Yeah, that's a good question. As we have been indicating, the company wants to go back to the pipeline, to the ONP later this year. As you all know, the pipeline is operated and owned by PetroPeru, the state oil company. We've been having a number of conversations with them. A key criteria for us is if we go back into the pipeline to be paid at Pump Station 1 without assuming any type of derivatives. That for us will be key. We're hopeful, and PetroPeru's attitude is to be able to do a transaction that will allow us to go into the pipeline. Our target is to go in before the dry season starts.
The reason for that, and that sort of answers the second question, is that last year we had really dry conditions in the Amazon jungle, we lost about 300,000 bbls of production throughout the year, about 800 bbls per day on average. In 2023, we actually lost 360,000. You can get a sense how the team optimized operations that even under worst dry conditions in 2024, we were able to only lose 300,000 instead of 360,000, which is equivalent to 1,000 bbls per day. The answer to the question is that we should expect once we go to the pipeline during the dry season to be able to avoid losing those 800 bbls-1,000 bbls per day and maybe do better than that.
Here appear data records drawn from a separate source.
lemma picard_in_bcontfun: "picard x0 z \<in> bcontfun"
proof -
  obtain B where B: "\<And>s. norm (apply_bcontfun z s) \<le> B"
    using bounded_apply_bcontfun[of z] by (auto simp: bounded_iff)
  then have "0 \<le> B" using norm_ge_zero order_trans by blast
  have integrand_le: "norm (integrand z s) \<le> bound s * exp (weight s) * B" for s
  proof -
    have "norm (integrand z s) \<le> bound s * (exp (weight s) * norm (apply_bcontfun z s))"
      using norm_L_vec_le[of s "exp (weight s) *\<^sub>R apply_bcontfun z s"] by (simp add: integrand_def)
    also have "\<dots> \<le> bound s * (exp (weight s) * B)"
      using B[of s] bound_ge_1[of s] by (intro mult_left_mono) auto
    finally show ?thesis by simp
  qed
  show ?thesis
  proof (rule bcontfun_normI)
    have "continuous_on {0..} (\<lambda>t. exp (- weight t) *\<^sub>R (x0 + integral {0..t} (integrand z)))"
      using has_vector_derivative_integral_atLeast[OF continuous_on_integrand]
      by (intro continuous_intros continuous_on_weight continuous_on_atLeast_if_derivative)
    then show "continuous_on UNIV (picard x0 z)"
      unfolding picard_def
      by (rule continuous_on_compose2[of _ _ _ "max 0", unfolded o_def]) (auto intro!: continuous_intros)
    fix t :: real
    let ?t = "max 0 t"
    have "norm (picard x0 z t) \<le> norm (exp (- weight ?t) *\<^sub>R x0)
        + norm (exp (- weight ?t) *\<^sub>R integral {0..?t} (integrand z))"
      unfolding picard_def scaleR_right_distrib by (rule norm_triangle_ineq)
    also have "\<dots> \<le> norm x0 + B / 2"
    proof (rule add_mono)
      show "norm (exp (- weight ?t) *\<^sub>R x0) \<le> norm x0"
        using weight_nonneg[of ?t] by (simp add: mult_left_le_one_le)
      show "norm (exp (- weight ?t) *\<^sub>R integral {0..?t} (integrand z)) \<le> B / 2"
        using \<open>0 \<le> B\<close> by (intro norm_integral_weighted_le integrable_integrand integrand_le) auto
    qed
    finally show "norm (picard x0 z t) \<le> norm x0 + B / 2" .
  qed
qed

lemma dist_picard_le:
  "dist (Bcontfun (picard x0 z)) (Bcontfun (picard x0 y)) \<le> 1/2 * dist z y"
proof (rule dist_bound)
  fix t :: real
  let ?t = "max 0 t"
  have "picard x0 z t - picard x0 y t
      = exp (- weight ?t) *\<^sub>R integral {0..?t} (\<lambda>s. integrand z s - integrand y s)"
    unfolding picard_def
    by (simp add: integral_diff[OF integrable_integrand integrable_integrand]
        scaleR_diff_right scaleR_right_distrib)
  also have "norm \<dots> \<le> dist z y / 2"
    by (intro norm_integral_weighted_le integrable_diff integrable_integrand norm_integrand_diff_le) auto
  finally show "dist (apply_bcontfun (Bcontfun (picard x0 z)) t)
      (apply_bcontfun (Bcontfun (picard x0 y)) t) \<le> 1/2 * dist z y"
    by (simp add: Bcontfun_inverse[OF picard_in_bcontfun] dist_norm)
qed

theorem solution_exists: "\<exists>x. x 0 = x0 \<and> solves x"
proof -
  define xv where "xv = (\<chi> i. x0 i)"
  obtain z where z: "Bcontfun (picard xv z) = z"
    using banach_fix_type[of "1/2" "\<lambda>z. Bcontfun (picard xv z)"] dist_picard_le by auto
  define x where "x t = xv + integral {0..t} (integrand z)" for t
  have integrand_eq: "integrand z t = L_vec t (x t)" if "0 \<le> t" for t
  proof -
    have "apply_bcontfun z t = picard xv z t"
      using arg_cong[OF z, of apply_bcontfun] by (simp add: Bcontfun_inverse[OF picard_in_bcontfun])
    also have "\<dots> = exp (- weight t) *\<^sub>R x t"
      using that by (simp add: picard_def x_def max_absorb2)
    finally show ?thesis by (simp add: integrand_def flip: exp_add)
  qed
  have x_deriv: "(x has_vector_derivative L_vec t (x t)) (at t within {0..})" if "0 \<le> t" for t
  proof -
    have "(x has_vector_derivative 0 + integrand z t) (at t within {0..})"
      unfolding x_def
      by (intro derivative_intros has_vector_derivative_integral_atLeast continuous_on_integrand that)
    then show ?thesis using integrand_eq[OF that] by simp
  qed
  show ?thesis
  proof (intro exI conjI)
    show "(\<lambda>i. x 0 $ i) = x0" by (simp add: x_def xv_def)
    show "solves (\<lambda>s i. x s $ i)"
      unfolding solves_def
    proof (intro allI impI)
      fix t :: real and i assume "0 \<le> t"
      from bounded_linear.has_vector_derivative[OF bounded_linear_vec_nth x_deriv[OF \<open>0 \<le> t\<close>]]
      show "((\<lambda>s. x s $ i) has_vector_derivative L t (\<lambda>i. x t $ i) i) (at t within {0..})"
        unfolding L_vec_nth .
    qed
  qed
qed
Considering that the company is currently exporting from Bretaña, near the capacity of its barge fleet, would it make sense to use the Ecuadorian route too?
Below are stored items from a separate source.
lemma bij_betw_subcube_override:
  assumes "K \<subseteq> {2..n}" "\<forall>i\<in>K. a i \<in> {0,1}" "\<forall>i\<in>K. b i \<in> {0,1}"
  shows "bij_betw (\<lambda>\<omega> i. if i \<in> K then b i else \<omega> i) (subcube n K a) (subcube n K b)"
proof (rule bij_betw_byWitness[where f' = "\<lambda>\<omega> i. if i \<in> K then a i else \<omega> i"])
  show "(\<lambda>\<omega> i. if i \<in> K then b i else \<omega> i) ` subcube n K a \<subseteq> subcube n K b"
    using override_in_subcube[OF _ assms(1,3)] by (auto simp: subcube_def)
  show "(\<lambda>\<omega> i. if i \<in> K then a i else \<omega> i) ` subcube n K b \<subseteq> subcube n K a"
    using override_in_subcube[OF _ assms(1,2)] by (auto simp: subcube_def)
qed (auto simp: subcube_def)

lemma average_subcube_antimono:
  assumes "K \<subseteq> {2..n}" "\<forall>i\<in>K. a i \<in> {0,1}" "\<forall>i\<in>K. b i \<in> {0,1}" "\<forall>i\<in>K. a i \<le> b i"
    and h_anti: "\<And>\<omega> \<omega>'. \<omega> \<in> bit_cube n \<Longrightarrow> \<omega>' \<in> bit_cube n \<Longrightarrow> (\<And>i. \<omega> i \<le> \<omega>' i) \<Longrightarrow>
      (\<And>i. i \<notin> K \<Longrightarrow> \<omega> i = \<omega>' i) \<Longrightarrow> h \<omega>' \<le> h \<omega>"
  shows "average h (subcube n K b) \<le> average h (subcube n K a)"
proof (rule average_le_of_bij_betw[OF bij_betw_subcube_override[OF assms(1-3)]])
  fix \<omega> assume \<omega>: "\<omega> \<in> subcube n K a"
  show "h (\<lambda>i. if i \<in> K then b i else \<omega> i) \<le> h \<omega>"
  proof (rule h_anti)
    show "(\<lambda>i. if i \<in> K then b i else \<omega> i) \<in> bit_cube n"
      using override_in_subcube[OF _ assms(1,3)] \<omega> by (auto simp: subcube_def)
  qed (use \<omega> assms(4) in \<open>auto simp: subcube_def\<close>)
qed (simp add: subcube_def)

lemma bit_cube_Int_Xv_event:
  assumes "c \<in> extensional J"
  shows "bit_cube n \<inter> {\<omega>. restrict (Xv n \<omega>) J = c}
    = subcube n (J - {1}) c \<inter> {\<omega>. 1 \<in> J \<longrightarrow> Xv n \<omega> 1 = c 1}"
  using assms by (auto simp: subcube_def fun_eq_iff extensional_def Xv_def)

lemma average_subcube_Diff_all_ones_antimono:
  assumes "K \<subseteq> {2..n}" "\<forall>i\<in>K. b i \<in> {0,1}" "\<forall>i\<in>K. a i \<le> b i"
    and le: "average h (subcube n K b) \<le> average h (subcube n K a)"
    and h_max: "\<And>\<omega>. \<omega> \<in> bit_cube n \<Longrightarrow> h \<omega> \<le> h (all_ones n)"
    and ne: "subcube n K b - {all_ones n} \<noteq> {}"
  shows "average h (subcube n K b - {all_ones n}) \<le> average h (subcube n K a - {all_ones n})"
proof (cases "all_ones n \<in> subcube n K a")
  case True
  then have "\<forall>i\<in>K. a i = 1"
    using assms(1) by (fastforce simp: subcube_def all_ones_def subset_iff)
  with assms(2,3) have "\<forall>i\<in>K. a i = b i" by fastforce
  then show ?thesis by (simp add: subcube_def)
next
  case False
  have "average h (subcube n K b - {all_ones n}) \<le> average h (subcube n K b)"
  proof (cases "all_ones n \<in> subcube n K b")
    case True
    then show ?thesis using ne h_max by (intro average_Diff_max_le) (auto simp: subcube_def)
  qed simp
  with le False show ?thesis by simp
qed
You know, we are doing quite well with the Brazil route, and we recently, with my team, we visited Manaus and we saw the operations, and we're confident that our trading partner could do even better than the 20,000 bbls per day that they're doing nowadays. I am confident now with Brazil. Ecuador was a good option to look into. We did a pilot last year under the worst dry conditions, but right now it's something that we know we can do in the future if needed. For now, we need to concentrate in increasing the sales via Brazil and going back to the ONP.
If the fourth oil and water handling train was already completed, what would your production range be?
Yeah, by the way, I forgot to mention that I have here with us also José Contreras, our Chief Operating Officer, and I will let José answer that question. Go ahead, José.
That's a good question. Considering oil and water treatment injection constraints, we should be able to produce up to 25,000 bbls per day.
Thank you. What are the expectations for the two new wells that are going to be drilled in Block 131? How can you achieve a production level of 4,000 bbls a day or more in that block from the current 600 bbls?
We are planning to perform workovers on our existing wells and also to drill two infill wells. With those activities, we expect that by year-end, we should be able to exit at about 4,000 bbls per day of oil production.
Has the company considered pivoting from dividends to 100% share repurchases as a more efficient way to return shareholder capital?
Thanks, Lea, for that question. We have certainly considered it, but we currently believe that dividends is the best way to return capital to our shareholders. We obviously monitor these on a constant basis based on our share price and our capital program, which currently we believe is a better investment for us. You also have to recognize that we have to keep in mind that this year we have cash taxes and the erosion control project and other things where being conservative on a cash flow basis is a better option.
Has PetroTal been involved in conversations with PetroPeru regarding Lot 192, and will PetroTal participate in the bidding for Lot 64?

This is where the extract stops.